# New to DE, PA, NJ from FL



## sharkybalboa (Jan 26, 2019)

Hey guys!

New to the tri state area from sunny Miami, FL. I'm definitely getting some cabin fever here and i'm dying to get my gear wet. Any recommendations on spots to try out near claymont if anything is even biting with this cold? I don't mind freezing my bones a bit for a decent bite!

Thanks!!


----------



## andypat (Jan 7, 2004)

LOL! People ask me all the time. Why did you leave FL. and come to Md. You probably have already been hearing this. Welcome! I moved from Venice FL. I really miss it. Grab a five gallon bucket and go for pan fish this time of year. What side of the bay do you live? Maybe some of the guys will give you a few tips on how it's done. Nice Jack! I think it's a jack? Good Luck!


----------



## sharkybalboa (Jan 26, 2019)

I've definitely been hearing a lot of "not like in Florida" when it comes to the bite haha. I didn't come here by choice but I figured i'd make the best out of the few months I am here. I'm on the Delaware side in Claymont. I tried looking for bay access around my town but couldn't really find any so i'm trying to find some locals who will show me or point me in the right direction. 
And correct! Nice little Yellowjack, made for good ceviche 

thanks!


----------



## Jerry Norris (Oct 14, 2016)

Welcome to the mid Atlantic. You are on Andy's side of the bay. Where exactly is Claymont? The only Claymont that I can find on Google maps is in Delaware. As Andy says, right now it is pan fishing time and from the looks of next week's weather, it may even be ice fishing time!


----------



## andypat (Jan 7, 2004)

sharky, that is a jack crevale? Yellow tail crevale. right?


----------



## andypat (Jan 7, 2004)

While I'm on here I might as well report that Federalsburg marina is open, no ice. also the creek is open. No ice. I checked a lake out that I fish and that is wide open, no ice. The rain got rid of the ice in this area. BUT, the lake is very cloudy, and Marshy Hope Creek is muddy. Might save someone a long trip for nothing. Unless you fish for cat fish.


----------



## hunter1 (Jul 31, 2009)

WElcome from Maryland. Claymont Delaware. You would be fishing the Delaware river, Look these places up online. New castle, wilmington, route 9 in New Castle, C & D canal reedy point. I don't fish these areas anymore. Have not done for 30 years. If I fish the DE river I go to Augustine beach, Woodland in early season. I prefer surf fishing in Saltwater at the beach or an inlet. When you get your Delaware lic, they will have where to fish in the book. Tight lines. :fishing:


----------



## CYT (Nov 9, 2015)

Dude, your blowin it! Came from Fla to fish Delmarva??
Good luck Bro.

Nothing comes close to the Florida fishery except maybe down in Baja.
Guddonyamate.:fishing:


----------



## Gorge (Jun 13, 2017)

There is spring time trout fishing near Newark in the Red Clay and White Clay creeks. You can fish for bass and pan fish at Lum's pond near Bear DE. The C&D canal for catfish near the Summit Bridge.


----------



## kurazy kracka (Oct 14, 2008)

this time of year, I'm playing in the trout streams. Give it 1.5-2 months and you can go out and start chasing striped bass. The DE river has bass come up in there to spawn but I don't know much about that fishery. Shoot 1.5 hours or so north to the Raritan Bay on the NJ side and you can plug for bass and bang some good ones, last spring was a real hot bit up there with some fish pushing 45lbs from shore and most being 15-25lb. 
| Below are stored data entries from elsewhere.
lemma card_set_plus_ge:
  fixes A B :: "'a::linordered_ab_group_add set"
  assumes "finite A" "finite B" "A \<noteq> {}" "B \<noteq> {}"
  shows "card A + card B \<le> card (A + B) + 1"
proof -
  define a b where "a = Max A" and "b = Min B"
  define X Y where "X = (\<lambda>x. x + b) ` A" and "Y = (\<lambda>y. a + y) ` B"
  have "a \<in> A" "b \<in> B"
    using assms by (simp_all add: a_def b_def)
  have "X \<inter> Y \<subseteq> {a + b}"
  proof
    fix z assume "z \<in> X \<inter> Y"
    then obtain x y where "x \<in> A" "y \<in> B" "z = x + b" "z = a + y"
      by (auto simp: X_def Y_def)
    moreover have "x \<le> a" "b \<le> y"
      using \<open>x \<in> A\<close> \<open>y \<in> B\<close> assms by (simp_all add: a_def b_def)
    ultimately have "x = a"
      using add_less_le_mono[of x a b y] by fastforce
    with \<open>z = x + b\<close> show "z \<in> {a + b}"
      by simp
  qed
  have "card X = card A" "card Y = card B"
    by (simp_all add: X_def Y_def card_image)
  then have "card A + card B = card (X \<union> Y) + card (X \<inter> Y)"
    using card_Un_Int[of X Y] assms(1,2) by (simp add: X_def Y_def)
  also have "card (X \<union> Y) \<le> card (A + B)"
    using \<open>a \<in> A\<close> \<open>b \<in> B\<close> assms(1,2)
    by (intro card_mono finite_set_plus) (auto simp: X_def Y_def)
  also have "card (X \<inter> Y) \<le> 1"
    using card_mono[OF _ \<open>X \<inter> Y \<subseteq> {a + b}\<close>] by simp
  finally show ?thesis
    by simp
qed

lemma card_Un_uminus_image:
  fixes L :: "'a::linordered_ab_group_add set"
  assumes "finite L" "0 \<in> L" "\<forall>x\<in>L. 0 \<le> x"
  shows "card (L \<union> uminus ` L) + 1 = 2 * card L"
proof -
  have "L \<inter> uminus ` L = {0}"
  proof
    show "L \<inter> uminus ` L \<subseteq> {0}"
    proof
      fix x assume "x \<in> L \<inter> uminus ` L"
      then obtain y where "x \<in> L" "y \<in> L" "x = - y"
        by auto
      then have "y = 0"
        using assms(3) by (intro antisym) auto
      with \<open>x = - y\<close> show "x \<in> {0}"
        by simp
    qed
    show "{0} \<subseteq> L \<inter> uminus ` L"
      using assms(2) by (auto intro: image_eqI[of 0 uminus 0])
  qed
  moreover have "card (uminus ` L) = card L"
    by (simp add: card_image)
  ultimately show ?thesis
    using card_Un_Int[of L "uminus ` L"] assms(1) by simp
qed

lemma card_third_order_coarray_ge:
  fixes B :: "'a::linordered_ab_group_add set"
  assumes "finite B" "0 \<in> B" "\<forall>b\<in>B. 0 \<le> b"
  shows "6 * card B \<le> card (third_order_coarray B) + 5"
proof -
  let ?S = "B + B + B"
  have "B \<noteq> {}" "B + B \<noteq> {}" "finite (B + B)" "finite ?S"
    using assms(1,2) by (auto simp: finite_set_plus)
  then have "3 * card B \<le> card ?S + 2"
    using card_set_plus_ge[of B B] card_set_plus_ge[of "B + B" B] assms(1) by simp
  moreover have "card (?S \<union> uminus ` ?S) + 1 = 2 * card ?S"
  proof (rule card_Un_uminus_image)
    show "finite ?S" by fact
    show "0 \<in> ?S"
      using assms(2) set_plus_intro[of 0 "B + B" 0 B] set_plus_intro[of 0 B 0 B] by simp
    show "\<forall>x\<in>?S. 0 \<le> x"
      using assms(3) by (auto simp: set_plus_def)
  qed
  moreover have "card (?S \<union> uminus ` ?S) \<le> card (third_order_coarray B)"
    using assms(1)
    by (intro card_mono finite_third_order_coarray)
       (auto simp: third_order_coarray_def image_uminus_set_plus)
  ultimately show ?thesis
    by linarith
qed

theorem theorem1:
  fixes p :: "nat \<Rightarrow> int" and N :: nat
  assumes "N \<ge> 1"
    and "p 1 = 0"
    and "strict_mono_on {1..N} p"
  shows "6 * real N - 5 \<le> real (card (Phi_u p N))
         \<and> real (card (Phi_u p N)) \<le> (4 * real N ^ 3 + 3 * real N ^ 2 - real N + 3) / 3"
proof -
  let ?B = "p ` {1..N}"
  have card_B: "card ?B = N"
    using strict_mono_on_imp_inj_on[OF assms(3)] by (simp add: card_image)
  have zero: "0 \<in> ?B"
    using assms(1,2) by (auto intro: image_eqI[of 0 p 1])
  have nonneg: "\<forall>b\<in>?B. 0 \<le> b"
    using strict_mono_on_leD[OF assms(3), of 1] assms(2) by auto
  have "6 * N \<le> card (Phi_u p N) + 5"
    using card_third_order_coarray_ge[OF _ zero nonneg] card_B
    by (simp add: Phi_u_eq_third_order_coarray)
  then have lower: "6 * real N \<le> real (card (Phi_u p N)) + 5"
    by linarith
  have "3 * card (Phi_u p N) + N \<le> 4 * N ^ 3"
    using card_third_order_coarray_le[OF _ zero] card_B
    by (simp add: Phi_u_eq_third_order_coarray)
  then have "real (3 * card (Phi_u p N) + N) \<le> real (4 * N ^ 3)"
    by (rule of_nat_mono)
  then have "3 * real (card (Phi_u p N)) + real N \<le> 4 * real N ^ 3"
    by simp
  then have upper: "real (card (Phi_u p N)) * 3 \<le> 4 * real N ^ 3 + 3 * real N ^ 2 - real N + 3"
    using zero_le_power2[of "real N"] by linarith
  show ?thesis
    using lower upper by simp
qed
lemma exists_unit_cancelling_mod_power:
  fixes m t y :: int
  assumes "coprime t m" "coprime y m"
  shows "\<exists>c. coprime c m \<and> m ^ k dvd t + c * y"
proof -
  \<comment> \<open>Inverting y modulo m^(k+1) keeps the inverse a unit modulo m also when k = 0.\<close>
  have "coprime y (m ^ Suc k)"
    using assms(2) by simp
  then obtain z where z: "[y * z = 1] (mod m ^ Suc k)"
    using cong_solve_coprime_int by blast
  then have "coprime z (m ^ Suc k)"
    using cong_imp_coprime[OF cong_sym[OF z]] by simp
  then have "coprime (- t * z) m"
    using assms(1) by simp
  moreover have "[t + (- t) * (y * z) = t + (- t) * 1] (mod m ^ Suc k)"
    by (intro cong_add cong_mult cong_refl z)
  then have "[t + (- t * z) * y = 0] (mod m ^ Suc k)"
    by (simp add: algebra_simps)
  then have "m ^ Suc k dvd t + (- t * z) * y"
    by (simp add: cong_0_iff)
  then have "m ^ k dvd t + (- t * z) * y"
    by (rule dvd_trans[rotated]) simp
  ultimately show ?thesis
    by blast
qed

lemma exists_unit_weights_sum_coprime:
  fixes p :: nat and x :: "'i \<Rightarrow> int"
  assumes p: "prime p" "odd p"
    and I: "finite I" "\<exists>i\<in>I. coprime (x i) (int p)"
    and F: "F \<subseteq> I" "card F \<le> 1" "\<forall>i\<in>F. coprime (x i) (int p)"
  shows "\<exists>u. (\<forall>i\<in>I. coprime (u i) (int p)) \<and> (\<forall>i\<in>F. u i = 1) \<and>
    coprime (\<Sum>i\<in>I. u i * x i) (int p)"
proof (cases "coprime (\<Sum>i\<in>I. x i) (int p)")
  case True
  then show ?thesis
    by (intro exI[of _ "\<lambda>_. 1"]) simp
next
  case False
  then have sum_dvd: "int p dvd (\<Sum>i\<in>I. x i)"
    using coprime_int_prime_iff_not_dvd[OF p(1)] by blast
  show ?thesis
  proof (cases "\<exists>j\<in>I - F. coprime (x j) (int p)")
    case True
    then obtain j where j: "j \<in> I" "j \<notin> F" "coprime (x j) (int p)"
      by blast
    define u where "u = (\<lambda>_. 1) (j := 2 :: int)"
    have "(\<Sum>i\<in>I. u i * x i) = 2 * x j + (\<Sum>i\<in>I - {j}. x i)"
      using I(1) j(1) by (simp add: sum.remove u_def)
    also have "\<dots> = x j + (\<Sum>i\<in>I. x i)"
      using I(1) j(1) by (simp add: sum.remove)
    finally have "coprime (\<Sum>i\<in>I. u i * x i) (int p)"
      using j(3) sum_dvd coprime_int_prime_iff_not_dvd[OF p(1)] by (simp add: dvd_add_left_iff)
    moreover have "coprime (2 :: int) (int p)"
      using p(2) by (simp add: coprime_commute)
    ultimately show ?thesis
      using j(2) by (intro exI[of _ u]) (auto simp: u_def)
  next
    case False
    with I(2) obtain i0 where i0: "i0 \<in> F" "coprime (x i0) (int p)"
      by blast
    have "finite F"
      using F(1) I(1) finite_subset by blast
    then have "F = {i0}"
      using F(2) i0(1) by (auto simp: card_le_Suc0_iff_eq)
    then have "int p dvd (\<Sum>i\<in>I - {i0}. x i)"
      using False coprime_int_prime_iff_not_dvd[OF p(1)] by (auto intro: dvd_sum)
    moreover have "(\<Sum>i\<in>I. x i) = x i0 + (\<Sum>i\<in>I - {i0}. x i)"
      using I(1) i0(1) F(1) by (auto intro: sum.remove)
    ultimately have "int p dvd x i0"
      using sum_dvd by (simp add: dvd_add_left_iff)
    with i0(2) show ?thesis
      using coprime_int_prime_iff_not_dvd[OF p(1)] by blast
  qed
qed
(* Let $(\mu,u)$ be a classical structure on $A$ with spiders $\Xi_n^m$ and classical channel $C_\Xi$, and let $H:A\to A$ be a complementary endomorphism for it. Then: (i) for every normalized pure classical element $e:\mathrm I\to A$, $C_\Xi\circ H\circ e=\bot_A$; (ii) $C_\Xi\circ H\circ C_\Xi=\bot_A\circ\top_A$.
   Context: Setting. $\mathbf C$ is a strict symmetric monoidal category with monoidal unit $\mathrm I$, symmetry $\sigma$, and a dagger functor $(-)^\dagger$ (identity on objects, contravariant, involutive, strict monoidal). $\mathbf C^{pure}$ is a subcategory of $\mathbf C$ with the same objects, closed under $\otimes$ and $\dagger$, containing identities, symmetries and the maps $\eta_A$ below. Every object $A$ is self-dual: there is $\eta_A:\mathrm I\to A\otimes A$ in $\mathbf C^{pure}$ with $\epsilon_A:=\eta_A^\dagger$, $(\epsilon_A\otimes 1_A)\circ(1_A\otimes\eta_A)=1_A$ and $\sigma_{A,A}\circ\eta_A=\eta_A$. A morphism $U$ is unitary if $U^\dagger\circ U=1$ and $U\circ U^\dagger=1$. Environment structure: a family of morphisms $\top_A:A\to\mathrm I$ in $\mathbf C$ such that (E1) for all objects $A,B$ and all $f,g\in\mathbf C^{pure}(A,B)$: $f^\dagger\circ f=g^\dagger\circ g$ if and only if $\top_B\circ f=\top_B\circ g$; (E2) $\top_{A\otimes B}=\top_A\otimes\top_B$; (E3) $(1_A\otimes\top_A)\circ\eta_A=\bot_A$, where $\bot_A:=\top_A^\dagger:\mathrm I\to A$. An element $\psi:\mathrm I\to A$ is normalized if $\top_A\circ\psi=1_{\mathrm I}$. Classical structure on $A$: morphisms $\mu:A\otimes A\to A$ and $u:\mathrm I\to A$ in $\mathbf C^{pure}$, with $\delta:=\mu^\dagger$, such that $\mu$ is associative with unit $u$, $\mu\circ\sigma_{A,A}=\mu$, $(1_A\otimes\mu)\circ(\delta\otimes 1_A)=\delta\circ\mu$, $\mu\circ\delta=1_A$, and $\eta_A=\delta\circ u$. Spiders: $\mu_0:=u$, $\mu_1:=1_A$, $\mu_{k+1}:=\mu\circ(\mu_k\otimes 1_A)$, and $\Xi_n^m:=\mu_m^\dagger\circ\mu_n:A^{\otimes n}\to A^{\otimes m}$. A pure classical element is $e:\mathrm I\to A$ in $\mathbf C^{pure}$ with $\Xi_1^2\circ e=e\otimes e$. The classical channel is $C_\Xi:=(1_A\otimes\top_A)\circ\Xi_1^2:A\to A$. Complementary endomorphism: $H:A\to A$ in $\mathbf C^{pure}$ with $(H\otimes 1_A)\circ\eta_A=(1_A\otimes H)\circ\eta_A$, $H^\dagger=H$, $H$ unitary, and $\Xi_2^1\circ(H\otimes H)\circ\Xi_1^2=\Xi_0^1\circ\Xi_1^0$ (i.e. $\mu\circ(H\otimes H)\circ\delta=u\circ u^\dagger$). *)

theory Defs
  imports Main
begin

text \<open>A strict symmetric monoidal dagger category with a distinguished subcategory
of pure morphisms and chosen self-duality maps, bundled as a record.
Every element of type 'o is an object and every element of type 'm is a morphism
(with domain Dom and codomain Cod); composition Comp g f (g after f) is only
constrained when Cod f = Dom g.\<close>

record ('o, 'm) dsmc =
  Dom  :: "'m \<Rightarrow> 'o"
  Cod  :: "'m \<Rightarrow> 'o"
  Comp :: "'m \<Rightarrow> 'm \<Rightarrow> 'm"
  Id   :: "'o \<Rightarrow> 'm"
  TOb  :: "'o \<Rightarrow> 'o \<Rightarrow> 'o"
  Tm   :: "'m \<Rightarrow> 'm \<Rightarrow> 'm"
  Unit :: "'o"
  Sym  :: "'o \<Rightarrow> 'o \<Rightarrow> 'm"
  Dag  :: "'m \<Rightarrow> 'm"
  Pure :: "'m \<Rightarrow> bool"
  Eta  :: "'o \<Rightarrow> 'm"

definition hom :: "('o, 'm) dsmc \<Rightarrow> 'm \<Rightarrow> 'o \<Rightarrow> 'o \<Rightarrow> bool" where
  "hom C f A B \<longleftrightarrow> Dom C f = A \<and> Cod C f = B"

locale dagger_smc =
  fixes C :: "('o, 'm) dsmc"
  assumes comp_dom: "\<And>f g. Cod C f = Dom C g \<Longrightarrow> Dom C (Comp C g f) = Dom C f"
      and comp_cod: "\<And>f g. Cod C f = Dom C g \<Longrightarrow> Cod C (Comp C g f) = Cod C g"
      and comp_assoc: "\<And>f g h. Cod C f = Dom C g \<Longrightarrow> Cod C g = Dom C h \<Longrightarrow>
                   Comp C h (Comp C g f) = Comp C (Comp C h g) f"
      and id_hom: "\<And>A. hom C (Id C A) A A"
      and id_right: "\<And>f. Comp C f (Id C (Dom C f)) = f"
      and id_left: "\<And>f. Comp C (Id C (Cod C f)) f = f"
      and tob_assoc: "\<And>A B D. TOb C (TOb C A B) D = TOb C A (TOb C B D)"
      and tob_unit_left: "\<And>A. TOb C (Unit C) A = A"
      and tob_unit_right: "\<And>A. TOb C A (Unit C) = A"
      and tm_dom: "\<And>f g. Dom C (Tm C f g) = TOb C (Dom C f) (Dom C g)"
      and tm_cod: "\<And>f g. Cod C (Tm C f g) = TOb C (Cod C f) (Cod C g)"
      and tm_assoc: "\<And>f g h. Tm C (Tm C f g) h = Tm C f (Tm C g h)"
      and tm_unit_left: "\<And>f. Tm C (Id C (Unit C)) f = f"
      and tm_unit_right: "\<And>f. Tm C f (Id C (Unit C)) = f"
      and tm_id: "\<And>A B. Tm C (Id C A) (Id C B) = Id C (TOb C A B)"
      and interchange: "\<And>f g f' g'. Cod C f = Dom C g \<Longrightarrow> Cod C f' = Dom C g' \<Longrightarrow>
                   Tm C (Comp C g f) (Comp C g' f') = Comp C (Tm C g g') (Tm C f f')"
      and sym_hom: "\<And>A B. hom C (Sym C A B) (TOb C A B) (TOb C B A)"
      and sym_natural: "\<And>f g. Comp C (Sym C (Cod C f) (Cod C g)) (Tm C f g)
                              = Comp C (Tm C g f) (Sym C (Dom C f) (Dom C g))"
      and sym_inv: "\<And>A B. Comp C (Sym C B A) (Sym C A B) = Id C (TOb C A B)"
      and sym_hexagon: "\<And>A B D. Sym C A (TOb C B D)
                   = Comp C (Tm C (Id C B) (Sym C A D)) (Tm C (Sym C A B) (Id C D))"
      and dag_dom: "\<And>f. Dom C (Dag C f) = Cod C f"
      and dag_cod: "\<And>f. Cod C (Dag C f) = Dom C f"
      and dag_comp: "\<And>f g. Cod C f = Dom C g \<Longrightarrow>
                   Dag C (Comp C g f) = Comp C (Dag C f) (Dag C g)"
      and dag_dag: "\<And>f. Dag C (Dag C f) = f"
      and dag_id: "\<And>A. Dag C (Id C A) = Id C A"
      and dag_tm: "\<And>f g. Dag C (Tm C f g) = Tm C (Dag C f) (Dag C g)"
      and dag_sym: "\<And>A B. Dag C (Sym C A B) = Sym C B A"
      and pure_id: "\<And>A. Pure C (Id C A)"
      and pure_comp: "\<And>f g. Pure C f \<Longrightarrow> Pure C g \<Longrightarrow> Cod C f = Dom C g \<Longrightarrow> Pure C (Comp C g f)"
      and pure_tm: "\<And>f g. Pure C f \<Longrightarrow> Pure C g \<Longrightarrow> Pure C (Tm C f g)"
      and pure_dag: "\<And>f. Pure C f \<Longrightarrow> Pure C (Dag C f)"
      and pure_sym: "\<And>A B. Pure C (Sym C A B)"
      and pure_eta: "\<And>A. Pure C (Eta C A)"
      and eta_hom: "\<And>A. hom C (Eta C A) (Unit C) (TOb C A A)"
      and snake: "\<And>A. Comp C (Tm C (Dag C (Eta C A)) (Id C A)) (Tm C (Id C A) (Eta C A)) = Id C A"
      and eta_sym: "\<And>A. Comp C (Sym C A A) (Eta C A) = Eta C A"
lemma projected_reflected_gradient_step:
  fixes x0 x1 x2 y0 y1 z :: "'a::real_inner" and F :: "'a \<Rightarrow> 'a" and lam L m s :: real
  assumes proj_next: "inner (x1 - lam *\<^sub>R F y1 - x2) (z - x2) \<le> 0"
    and proj_curr_next: "inner (x0 - lam *\<^sub>R F y0 - x1) (x2 - x1) \<le> 0"
    and proj_curr_prev: "inner (x0 - lam *\<^sub>R F y0 - x1) (x0 - x1) \<le> 0"
    and y1: "y1 = 2 *\<^sub>R x1 - x0"
    and monotone: "inner (F y1 - F z) (y1 - z) \<ge> m * (norm (y1 - z))\<^sup>2"
    and lipschitz: "norm (F y1 - F y0) \<le> L * norm (y1 - y0)"
    and "lam > 0" "L \<ge> 0" "s > 0"
  shows "(norm (x2 - z))\<^sup>2 + 2 * lam * inner (F z) (x1 - z) + lam * L * (norm (x2 - y1))\<^sup>2
    \<le> (norm (x1 - z))\<^sup>2 + 2 * lam * inner (F z) (x0 - z) + lam * L * (norm (x1 - y0))\<^sup>2
      - (1 - lam * L / s) * (norm (x1 - x0))\<^sup>2
      - (1 - lam * L * s - 2 * lam * L) * (norm (x2 - y1))\<^sup>2
      - 2 * lam * inner (F z) (x1 - z) - 2 * lam * m * (norm (y1 - z))\<^sup>2"
proof -
  have distance: "(norm (x2 - z))\<^sup>2
      \<le> (norm (x1 - z))\<^sup>2 - (norm (x2 - x1))\<^sup>2 + 2 * lam * inner (F y1) (z - x2)"
    using projection_inequality_distance[OF proj_next] by simp
  have reflection: "(norm (x1 - x0))\<^sup>2 - (norm (x2 - x1))\<^sup>2 + (norm (x2 - y1))\<^sup>2
      \<le> 2 * lam * inner (F y0) (x2 - y1)"
    using reflection_inequality[OF proj_curr_next proj_curr_prev] y1 by simp
  have "y1 - y0 = (x1 - x0) + (x1 - y0)"
    using y1 by (simp add: algebra_simps scaleR_2)
  with lipschitz have "norm (F y1 - F y0) \<le> L * norm ((x1 - x0) + (x1 - y0))"
    by simp
  from lipschitz_cross_term_bound[OF this \<open>L \<ge> 0\<close> \<open>s > 0\<close>, of "y1 - x2"]
  have "2 * lam * inner (F y1 - F y0) (y1 - x2) \<le> lam * (L * ((norm (x1 - x0))\<^sup>2 / s
      + s * (norm (x2 - y1))\<^sup>2) + L * ((norm (x1 - y0))\<^sup>2 + (norm (x2 - y1))\<^sup>2))"
    using \<open>lam > 0\<close> by (simp add: norm_minus_commute)
  hence cross: "2 * lam * inner (F y1 - F y0) (y1 - x2)
      \<le> lam * L / s * (norm (x1 - x0))\<^sup>2 + (lam * L * s + lam * L) * (norm (x2 - y1))\<^sup>2
        + lam * L * (norm (x1 - y0))\<^sup>2"
    by (simp add: algebra_simps)
  have "inner (F y1) (z - y1) = - inner (F y1 - F z) (y1 - z) - inner (F z) (y1 - z)"
    by (simp add: inner_diff_left inner_diff_right)
  also have "inner (F z) (y1 - z) = 2 * inner (F z) (x1 - z) - inner (F z) (x0 - z)"
    unfolding y1 by (simp add: inner_diff_right scaleR_2 inner_add_right)
  finally have "inner (F y1) (z - y1)
      \<le> - m * (norm (y1 - z))\<^sup>2 - 2 * inner (F z) (x1 - z) + inner (F z) (x0 - z)"
    using monotone by simp
  hence "2 * lam * inner (F y1) (z - y1)
      \<le> 2 * lam * (- m * (norm (y1 - z))\<^sup>2 - 2 * inner (F z) (x1 - z) + inner (F z) (x0 - z))"
    using \<open>lam > 0\<close> by (simp add: mult_left_mono)
  hence mono: "2 * lam * inner (F y1) (z - y1) \<le> - 2 * lam * m * (norm (y1 - z))\<^sup>2
      - 4 * lam * inner (F z) (x1 - z) + 2 * lam * inner (F z) (x0 - z)"
    by (simp add: algebra_simps)
  have "inner (F y1) (z - x2) + inner (F y0) (x2 - y1)
      = inner (F y1) (z - y1) + inner (F y1 - F y0) (y1 - x2)"
    by (simp add: inner_diff_left inner_diff_right)
  hence "2 * lam * inner (F y1) (z - x2) + 2 * lam * inner (F y0) (x2 - y1)
      = 2 * lam * inner (F y1) (z - y1) + 2 * lam * inner (F y1 - F y0) (y1 - x2)"
    by (metis distrib_left)
  with distance reflection cross mono show ?thesis
    by (simp add: algebra_simps)
qed

lemma stepsize_margin:
  fixes r :: real
  assumes "0 < r" and "r < sqrt 2 - 1"
  shows "0 < 1 - 2 * r" and "r < sqrt (1 - 2 * r)"
proof -
  have "(r + 1)\<^sup>2 < (sqrt 2)\<^sup>2"
    using assms by (intro power_strict_mono) auto
  hence less: "r\<^sup>2 < 1 - 2 * r" by (simp add: power2_eq_square algebra_simps)
  moreover have "0 < r\<^sup>2" using assms(1) by simp
  ultimately show "0 < 1 - 2 * r" by linarith
  show "r < sqrt (1 - 2 * r)"
    using real_sqrt_less_mono[OF less] assms(1) by simp
qed

lemma geometric_decay_of_dissipation:
  fixes W D :: "nat \<Rightarrow> real" and K :: real
  assumes "K > 0"
    and decrease: "\<And>k. W (Suc k) \<le> W k - D k"
    and dominated: "\<And>k. W (Suc k) \<le> K * D k"
  shows "W k \<le> (K / (K + 1)) ^ k * W 0"
proof (induction k)
  case (Suc k)
  have "(K + 1) * W (Suc k) \<le> K * W k"
    using mult_left_mono[OF decrease[of k], of K] dominated[of k] \<open>K > 0\<close>
    by (simp add: algebra_simps)
  hence "W (Suc k) \<le> K / (K + 1) * W k"
    using \<open>K > 0\<close> by (simp add: field_simps)
  also have "\<dots> \<le> K / (K + 1) * ((K / (K + 1)) ^ k * W 0)"
    using Suc.IH \<open>K > 0\<close> by (intro mult_left_mono) auto
  finally show ?case by simp
qed simp

lemma geometric_bound_from_tail:
  fixes a :: "nat \<Rightarrow> real"
  assumes "q > 0" and tail: "\<And>k. a (k + N) \<le> c * q ^ k"
  shows "\<exists>c'>0. \<forall>n. a n \<le> c' * q ^ n"
proof (intro exI conjI allI)
  define c' where "c' = (\<Sum>i<N. \<bar>a i\<bar> / q ^ i) + \<bar>c\<bar> / q ^ N + 1"
  have head: "\<bar>a i\<bar> / q ^ i \<le> (\<Sum>i<N. \<bar>a i\<bar> / q ^ i)" if "i < N" for i
    using that \<open>q > 0\<close> by (intro member_le_sum) auto
  have sum_nonneg: "0 \<le> (\<Sum>i<N. \<bar>a i\<bar> / q ^ i)"
    using \<open>q > 0\<close> by (intro sum_nonneg) auto
  have c_nonneg: "0 \<le> \<bar>c\<bar> / q ^ N" using \<open>q > 0\<close> by simp
  show "c' > 0"
    unfolding c'_def using sum_nonneg \<open>q > 0\<close> by (simp add: add_nonneg_pos)
  fix n
  show "a n \<le> c' * q ^ n"
  proof (cases "n < N")
    case True
    have "a n \<le> \<bar>a n\<bar> / q ^ n * q ^ n" using \<open>q > 0\<close> by simp
    also have "\<dots> \<le> c' * q ^ n"
    proof (rule mult_right_mono)
      show "\<bar>a n\<bar> / q ^ n \<le> c'"
        unfolding c'_def using head[OF True] c_nonneg by linarith
    qed (use \<open>q > 0\<close> in simp)
    finally show ?thesis .
  next
    case False
    hence "a n \<le> c * q ^ (n - N)" using tail[of "n - N"] by simp
    also have "\<dots> = c / q ^ N * q ^ n"
      using False \<open>q > 0\<close> by (simp add: power_diff)
    also have "\<dots> \<le> \<bar>c\<bar> / q ^ N * q ^ n"
      using \<open>q > 0\<close> by (intro mult_right_mono divide_right_mono) auto
    also have "\<dots> \<le> c' * q ^ n"
      unfolding c'_def using sum_nonneg \<open>q > 0\<close> by (intro mult_right_mono) auto
    finally show ?thesis .
  qed
qed

locale projected_reflected_gradient =
  fixes C :: "'a::{real_inner,complete_space} set" and F :: "'a \<Rightarrow> 'a"
    and m L lam :: real and x y :: "nat \<Rightarrow> 'a" and z :: 'a
  assumes C_nonempty: "C \<noteq> {}" and C_closed: "closed C" and C_convex: "convex C"
    and m_pos: "m > 0"
    and strongly_monotone: "\<And>u v. inner (F u - F v) (u - v) \<ge> m * (norm (u - v))\<^sup>2"
    and L_pos: "L > 0"
    and lipschitz: "\<And>u v. norm (F u - F v) \<le> L * norm (u - v)"
    and z_in_C: "z \<in> C" and z_solves: "\<And>u. u \<in> C \<Longrightarrow> inner (F z) (u - z) \<ge> 0"
    and lam_pos: "lam > 0" and stepsize: "lam * L < sqrt 2 - 1"
    and x_Suc: "\<And>n. x (Suc n) = metric_proj C (x n - lam *\<^sub>R F (y n))"
    and y_Suc: "\<And>n. y (Suc n) = 2 *\<^sub>R x (Suc n) - x n"
begin

lemma x_Suc_in_C: "x (Suc n) \<in> C"
  unfolding x_Suc by (rule metric_proj_in[OF C_nonempty C_closed C_convex])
Come mid April the monster blues show up in MD/DE/NJ (they didn't last year much). Most of these fish will be 8-13lbs with a few hitting the 20lb mark and going 40". You can get the bass starting in March in certain areas and have a shot at big fish up until June along the coast.

c


----------



## cpicken (May 16, 2005)

sharkybalboa said:


> Hey guys!
> 
> New to the tri state area from sunny Miami, FL. I'm definitely getting some cabin fever here and i'm dying to get my gear wet. Any recommendations on spots to try out near claymont if anything is even biting with this cold? I don't mind freezing my bones a bit for a decent bite!
> 
> Thanks!!


R U nuts ??? U can’t fish this time of year. Heck, you won’t be able to do anything in saltwater until April.


----------



## kurazy kracka (Oct 14, 2008)

cpicken said:


> sharkybalboa said:
> 
> 
> > Hey guys!
> ...


You can fish fresh right now, its slower and tougher but you can catch


----------



## andypat (Jan 7, 2004)

Yes you can catch fish in winter. If the water is not frozen. If you locate the yellow perch you can catch a limit in no time. Also crappie, pickerel, and a bass now and then. Do some home work. Good Luck! Get ready for the perch runs in Feb. and March. Google perch fishing map in Md.


----------



## Pajigging machin (Oct 3, 2015)

Andy is that yellow perch map white perch map or both?


----------



## andypat (Jan 7, 2004)

Pajigging machin said:


> Andy is that yellow perch map white perch map or both?


Pa, that map is for both yellow first then white perch. Last year I had yellow and white At the same time in Feb. But I think after the yellows, sometime in March and April better for white perch. Most have roe that time of year. I think you eat roe, right? I don't get it. Last night was the coldest ever this time of year and the Marshy Hope Creek and the marina was ice free at 16 degree this morning. Pa, in my opinion Red Bridges is the best place for yellows first then white perch. There are also good fishing places not known to man kind. LOL!


----------



## CYT (Nov 9, 2015)

Don't forget about the Hickory and American Shad runs we have in the spring also, in some of those rivers.


----------



## andypat (Jan 7, 2004)

CYT said:


> Don't forget about the Hickory and American Shad runs we have in the spring also, in some of those rivers.


X2 on that.


----------



## Jerry Norris (Oct 14, 2016)

andypat said:


> X2 on that.


If the weather is favorable, shad will be in the river two months from now!


----------



## CYT (Nov 9, 2015)

Jerry Norris said:


> If the weather is favorable, shad will be in the river two months from now!


Yeah Jerry.....that's a bummer. I need to catch some high fly'n Hickories NOW! I'm starting to get the fever.
Hope it's a better than last year with all the rain we've had.


----------



## andypat (Jan 7, 2004)

CYT said:


> Yeah Jerry.....that's a bummer. I need to catch some high fly'n Hickories NOW! I'm starting to get the fever.
> Hope it's a better than last year with all the rain we've had.


-------Yes, I think all the rain this year changed a lot of fishing areas. last year this time we were catching yellows and crappie. Not much this year yet.


----------